I get this question all the time. Sometimes, from my peers who are trying to make software purchase decisions and other times, from my engineering and product management friends, who are trying to understand a buyer’s mindset so they are well prepared for all possible customer questions.
So, here are a few things that I always look at before making a buy decision. You’ll notice that some of the criterion is not too different from on-premise services, but they become a lot more relevant when you move to a cloud-based service.
Data and Reports
One of the most common challenges with cloud-based services is the control over your data and how easy it is to access your data. It’s good if the cloud service provides its own reporting and data visualizations, but that doesn’t always serve all your needs. Most times, you’ll need to extract, enhance, cleanse, and merge the data with other data sources before it can be used. That means it should be easy to pull the data from your cloud service, in various possible ways through files and APIs.
This is also one of the non-negotiable asks. No matter how great the service is, it’ll need to integrate with other corporate systems and fit well in the grand scheme of things. No software or service can run in complete isolation. Even if you don’t see the need to integrate today, you’ll see the need in future.
Make sure you test the APIs for all possible inbound and outbound exchange of information.
One common limitation is the ability to customize your application. This can be a dual-edged sword for cloud-based applications. Multi-tenant cloud providers can only go to a certain extent while providing customizability. One of the popular advantages of cloud services is that all consumers are on the same version and need not worry about the upgrades. This makes it easy for the provider to focus on one version of its service that works the same way for all customers. However, this also means that the provider might not be able to handle your unique needs. There are some vendors that have taken a platform approach. You may not be able to use it exactly “out of the box,” but its highly customizable.
I have come across situations where we could only get 90% of what we wanted from a cloud-based service and the cost of building the rest 10% took away all the expected benefits.
If you compare modern cloud-based applications with traditional ERPs, you’ll easily notice the difference in experience and convenience. Most of the cloud offerings provide a consistent, modern user experience that works seamlessly on a decent internet connection. The secret is in simplicity.
The design patterns have evolved over time, allowing the same core features that work equally well on desktops and mobile devices. Think about involving a UX expert while evaluating the application.
The fact that cloud services always run on the web makes performance aspect really important. The user shouldn’t notice any difference in the performance when compared to an on-premise application. Its also worth noting that it’s not just the application performance that’s important. A lot of interaction with these applications happen over APIs . These APIs should be tested for performance as part of the evaluation exercise.
Although the world has changed and organizations are a lot more open to use cloud-based software, the security aspect is still very relevant.
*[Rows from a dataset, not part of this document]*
lemma hitting_potential_ea_step_le:
  assumes P: "valid_pop n P" and not_hit: "\<not> hit n E w P"
    and Q: "Q \<in> set_pmf (ea_step n E w sel P)" and sel: "valid_sel sel" and wf: "wf_graph n E"
  shows "hitting_potential n E w Q + 24 * real n ^ 2 * indicator {Q. progress n E w P < progress n E w Q} Q
           \<le> hitting_potential n E w P"
proof -
  define D where "D = 24 * real n ^ 2"
  define A where "A = {Q. progress n E w P < progress n E w Q}"
  have "valid_pop n Q" "progress n E w P \<le> progress n E w Q"
    using set_pmf_ea_step_progress[OF P Q sel wf] by auto
  moreover from this(1) have "progress n E w Q \<le> 2 * n + 1"
    by (intro progress_le) (auto simp: valid_pop_def)
  ultimately have "(if hit n E w Q then 0 else real (2 * n + 2 - progress n E w Q))
      + (if Q \<in> A then 1 else 0) \<le> real (2 * n + 2 - progress n E w P)"
    by (auto simp: A_def of_nat_diff)
  then have "D * ((if hit n E w Q then 0 else real (2 * n + 2 - progress n E w Q))
      + (if Q \<in> A then 1 else 0)) \<le> D * real (2 * n + 2 - progress n E w P)"
    by (intro mult_left_mono) (auto simp: D_def)
  moreover have "hitting_potential n E w Q + D * indicator A Q
      = D * ((if hit n E w Q then 0 else real (2 * n + 2 - progress n E w Q))
        + (if Q \<in> A then 1 else 0))"
    by (simp add: hitting_potential_def D_def indicator_def algebra_simps)
  moreover have "D * real (2 * n + 2 - progress n E w P) = hitting_potential n E w P"
    using not_hit by (simp add: hitting_potential_def D_def)
  ultimately show ?thesis
    unfolding A_def D_def by simp
qed

lemma ea_step_potential_drift:
  assumes P: "valid_pop n P" and not_hit: "\<not> hit n E w P" and n: "n \<ge> 1"
    and wf: "wf_graph n E" and sel: "valid_sel sel"
  shows "(\<integral>\<^sup>+Q. ennreal (hitting_potential n E w Q) \<partial>ea_step n E w sel P) + 1
           \<le> ennreal (hitting_potential n E w P)"
proof -
  define D where "D = 24 * real n ^ 2"
  define A where "A = {Q. progress n E w P < progress n E w Q}"
  have "D > 0"
    using n by (simp add: D_def)
  have pointwise: "ennreal (hitting_potential n E w Q) + ennreal D * indicator A Q
      \<le> ennreal (hitting_potential n E w P)" if "Q \<in> set_pmf (ea_step n E w sel P)" for Q
  proof -
    have "ennreal (hitting_potential n E w Q + D * indicator A Q) \<le> ennreal (hitting_potential n E w P)"
      using hitting_potential_ea_step_le[OF P not_hit that sel wf] unfolding A_def D_def
      by (rule ennreal_leI)
    then show ?thesis
      using \<open>D > 0\<close> by (cases "Q \<in> A") (auto simp: hitting_potential_def ennreal_plus)
  qed
  have "(\<integral>\<^sup>+Q. ennreal (hitting_potential n E w Q) \<partial>ea_step n E w sel P)
        + ennreal D * emeasure (ea_step n E w sel P) A
      = (\<integral>\<^sup>+Q. ennreal (hitting_potential n E w Q) + ennreal D * indicator A Q \<partial>ea_step n E w sel P)"
    by (simp add: nn_integral_add nn_integral_cmult_indicator)
  also have "\<dots> \<le> ennreal (hitting_potential n E w P)"
    using nn_integral_mono_AE[OF AE_pmfI[OF pointwise]] by (simp add: measure_pmf.emeasure_space_1)
  finally have "(\<integral>\<^sup>+Q. ennreal (hitting_potential n E w Q) \<partial>ea_step n E w sel P)
        + ennreal D * emeasure (ea_step n E w sel P) A \<le> ennreal (hitting_potential n E w P)" .
  moreover have "1 \<le> D * measure (ea_step n E w sel P) A"
    using ea_step_progress_prob[OF P not_hit wf sel] \<open>D > 0\<close> by (simp add: A_def D_def field_simps)
  then have "1 \<le> ennreal D * emeasure (ea_step n E w sel P) A"
    using \<open>D > 0\<close> by (simp add: measure_pmf.emeasure_eq_measure ennreal_mult[symmetric]
        ennreal_1[symmetric] del: ennreal_1)
  ultimately show ?thesis
    by (meson add_left_mono order_trans)
qed

lemma expected_hitting_time_le:
  assumes n: "n \<ge> 1" and wf: "wf_graph n E" and sel: "valid_sel sel"
  shows "expected_hitting_time n E w sel \<le> ennreal (96 * real n ^ 3)"
proof -
  let ?V = "\<lambda>P. ennreal (hitting_potential n E w P)"
  let ?K = "\<lambda>P. if hit n E w P then return_pmf P else ea_step n E w sel P"
  have "expected_hitting_time n E w sel \<le> (\<integral>\<^sup>+P. ?V P \<partial>stopped_pop n E w sel 0)"
    unfolding expected_hitting_time_def
  proof (rule suminf_emeasure_le_potential[where K = ?K and I = "{P. valid_pop n P}"])
    have "card {y\<in>{x}. card y = k} \<le> 2" for x :: "nat set" and k
      by (rule order_trans[OF card_mono[of "{x}"]]) auto
    moreover have "set_pmf (pmf_of_set (Pow {..<n})) = Pow {..<n}"
      by (rule set_pmf_of_set) auto
    ultimately show "set_pmf (stopped_pop n E w sel 0) \<subseteq> {P. valid_pop n P}"
      by (auto simp: valid_pop_def)
    show "set_pmf (?K P) \<subseteq> {P. valid_pop n P}" if "P \<in> {P. valid_pop n P}" for P
      using that set_pmf_ea_step_progress[OF _ _ sel wf] by auto
    show "(\<integral>\<^sup>+Q. ?V Q \<partial>?K P) + indicator {P. \<not> hit n E w P} P \<le> ?V P"
      if "P \<in> {P. valid_pop n P}" for P
      using that ea_step_potential_drift[OF _ _ n wf sel] by auto
  qed simp
  also have "\<dots> \<le> (\<integral>\<^sup>+P. ennreal (24 * real n ^ 2 * real (2 * n + 2)) \<partial>stopped_pop n E w sel 0)"
    by (intro nn_integral_mono ennreal_leI) (auto simp: hitting_potential_def intro!: mult_left_mono)
  also have "\<dots> \<le> ennreal (96 * real n ^ 3)"
    using n by (simp add: measure_pmf.emeasure_space_1 power2_eq_square power3_eq_cube)
  finally show ?thesis .
qed

theorem lemma10:
  "\<exists>C::real. C > 0 \<and>
     (\<forall>n E w sel. n \<ge> 1 \<longrightarrow> wf_graph n E \<longrightarrow> (\<forall>i<n. w i > 0) \<longrightarrow> valid_sel sel \<longrightarrow>
        expected_hitting_time n E w sel \<le> ennreal (C * real n ^ 3))"
  using expected_hitting_time_le by (intro exI[of _ 96]) auto

end
lemma (in prob_space) nn_integral_square_le_exp_moments:
  fixes f :: "'a \<Rightarrow> real"
  assumes f[measurable]: "f \<in> borel_measurable M" and t: "0 < t"
    and pos: "(\<integral>\<^sup>+ x. ennreal (exp (t * f x)) \<partial>M) \<le> ennreal c"
    and neg: "(\<integral>\<^sup>+ x. ennreal (exp (- t * f x)) \<partial>M) \<le> ennreal c"
  shows "(\<integral>\<^sup>+ x. ennreal ((f x)\<^sup>2) \<partial>M) \<le> ennreal (4 * (c - 1) / t\<^sup>2)"
proof -
  define I where "I = (\<integral>\<^sup>+ x. ennreal ((f x)\<^sup>2) \<partial>M)"
  have "ennreal (t\<^sup>2 / 2) * I + 2 = (\<integral>\<^sup>+ x. ennreal (t\<^sup>2 / 2) * ennreal ((f x)\<^sup>2) + 2 \<partial>M)"
    unfolding I_def by (subst nn_integral_add) (auto simp: nn_integral_cmult emeasure_space_1)
  also have "\<dots> = (\<integral>\<^sup>+ x. ennreal (t\<^sup>2 / 2 * (f x)\<^sup>2 + 2) \<partial>M)"
    by (simp flip: ennreal_mult)
  also have "\<dots> \<le> (\<integral>\<^sup>+ x. ennreal (exp (t * f x)) + ennreal (exp (- t * f x)) \<partial>M)"
  proof (rule nn_integral_mono)
    fix x
    have "t\<^sup>2 / 2 * (f x)\<^sup>2 + 2 \<le> exp (t * f x) + exp (- t * f x)"
      using exp_add_exp_minus_ge[of "t * f x"] by (simp add: power_mult_distrib)
    then show "ennreal (t\<^sup>2 / 2 * (f x)\<^sup>2 + 2) \<le> ennreal (exp (t * f x)) + ennreal (exp (- t * f x))"
      by (simp flip: ennreal_plus)
  qed
  also have "\<dots> = (\<integral>\<^sup>+ x. ennreal (exp (t * f x)) \<partial>M) + (\<integral>\<^sup>+ x. ennreal (exp (- t * f x)) \<partial>M)"
    by (rule nn_integral_add) measurable
  also have "\<dots> \<le> ennreal c + ennreal c" using pos neg by (rule add_mono)
  finally have le: "ennreal (t\<^sup>2 / 2) * I + 2 \<le> ennreal c + ennreal c" .
  then have "I \<noteq> \<top>" using t by (auto simp: ennreal_mult_top top_unique)
  then obtain i where i: "I = ennreal i" "0 \<le> i" by (cases I) auto
  have "c \<ge> 1"
  proof (rule ccontr)
    assume "\<not> c \<ge> 1"
    then have "ennreal c + ennreal c < 2"
      by (cases "0 \<le> c") (auto simp: ennreal_neg simp flip: ennreal_plus)
    moreover have "2 \<le> ennreal (t\<^sup>2 / 2) * I + 2" by (simp add: add_increasing)
    ultimately show False using le by (meson leD order.trans)
  qed
  have "ennreal (t\<^sup>2 / 2 * i + 2) = ennreal (t\<^sup>2 / 2) * I + 2"
    using i by (simp flip: ennreal_mult)
  also have "\<dots> \<le> ennreal (c + c)" using le \<open>c \<ge> 1\<close> by (simp flip: ennreal_plus)
  finally have "t\<^sup>2 / 2 * i + 2 \<le> c + c" using \<open>c \<ge> 1\<close> by simp
  then have "i \<le> 4 * (c - 1) / t\<^sup>2" using t by (simp add: field_simps)
  then show ?thesis using i unfolding I_def by (simp add: ennreal_leI)
qed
Any information exchange or interaction with your online application needs to happen over a secure and well-authenticated channel. You should ask for security and compliance certifications from the provider. Some industry standard reports like SOC1 and SOC2 provide a lot of information about operations maturity of cloud-based, multi-tenant applications, including security. If you plan to capture credit card or other sensitive information over these applications, make sure that vendor is taking full responsibility of all compliance matters like PCI, HIPAA, etc.
The vendor should be asked to provide details about his hosting facility and related operational aspects. Inquire about his standard operating procedures—e.g. data backups, redundancy, capacity, disaster recover plan. Again, most of these aspects are covered in the certification process like SSAE 16, but you should review the audit reports and look into any open items identified in these reports. It’s also good to keep the right to audit the vendor’s hosting facility. It’s not a good sign if the vendor seems unprepared for such questions.
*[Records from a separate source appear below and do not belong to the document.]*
lemma mem_class_below_iff:
  fixes a d k n :: nat
  assumes "0 < d"
  shows "n \<in> class_below a d k \<longleftrightarrow> n < k * a \<and> n mod d = k * a mod d"
proof
  assume "n \<in> class_below a d k"
  then obtain t where "t < k * a div d" and n: "n = k * a mod d + t * d"
    by (auto simp: class_below_def)
  then have "t * d + d \<le> k * a div d * d"
    by (metis Suc_leI mult_Suc mult_le_mono1 add.commute)
  then have "n < k * a"
    using n div_mult_mod_eq[of "k * a" d] mod_less_divisor[OF assms, of "k * a"] by linarith
  then show "n < k * a \<and> n mod d = k * a mod d"
    using n by simp
next
  assume n: "n < k * a \<and> n mod d = k * a mod d"
  then have "n div d < k * a div d"
    by (metis div_le_mono div_mult_mod_eq less_imp_le_nat nat_less_le)
  moreover have "n = k * a mod d + n div d * d"
    using n div_mult_mod_eq[of n d] by linarith
  ultimately show "n \<in> class_below a d k"
    unfolding class_below_def by (intro image_eqI[of _ _ "n div d"]) auto
qed

lemma coprime_mult_mod_eq_imp_add_le:
  fixes a d i j :: nat
  assumes "coprime a d" and "i * a mod d = j * a mod d" and "i < j"
  shows "i + d \<le> j"
proof -
  have "[i = j] (mod d)"
    using assms(1,2) cong_mult_rcancel_nat[of a d i j] by (simp add: cong_def coprime_commute)
  then have "d dvd j - i"
    using assms(3) by (metis cong_altdef_nat cong_sym less_imp_le)
  then show ?thesis
    using assms(3) by (auto dest: dvd_imp_le)
qed

lemma bij_betw_mult_mod:
  fixes a d N :: nat
  assumes "coprime a d" and "0 < d"
  shows "bij_betw (\<lambda>k. k * a mod d) {N..<N + d} {..<d}"
proof (rule bij_betw_imageI)
  show inj: "inj_on (\<lambda>k. k * a mod d) {N..<N + d}"
  proof (rule inj_onI)
    fix i j assume "i \<in> {N..<N + d}" "j \<in> {N..<N + d}" "i * a mod d = j * a mod d"
    then show "i = j"
      using coprime_mult_mod_eq_imp_add_le[OF assms(1)] by (metis atLeastLessThan_iff
          add_le_cancel_right linorder_neqE_nat not_less order.trans)
  qed
  show "(\<lambda>k. k * a mod d) ` {N..<N + d} = {..<d}"
    using assms(2) by (intro card_subset_eq) (auto simp: card_image[OF inj])
qed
Uptime, performance, and issue-resolution times are the most commonly used SLAs. Let’s take the example of uptime. I am sure all your vendors claim to provide 99.9% uptime SLA. So, whats the catch?
I suggest you spend some time on reading the exact algorithm for calculating the uptime. In many cases, you’ll find that the vendors very cleverly exclude some important features from the scope of calculating uptime. You should also check about how often the vendor provides the SLA information and what’s the penalty if he doesn’t meet it.
Bottom line is that you should read the fine print on how these SLA metrics are calculated, reported and handled.
So, why would customer support become more important for a cloud provider? Shouldn’t you face fewer issues compared to an on-premise software?
Remember that in the case of a locally deployed software, your IT folks get an opportunity to diagnose the problem and explore some workarounds. In critical times, the most commonly used solution is a “Restart.” But in case of a cloud service, you or your IT team don’t have any control over the application. In those critical times , you want to speak to a highly efficient, knowledgable, and super friendly customer support department. This is an area that gets generally overlooked while evaluating applications.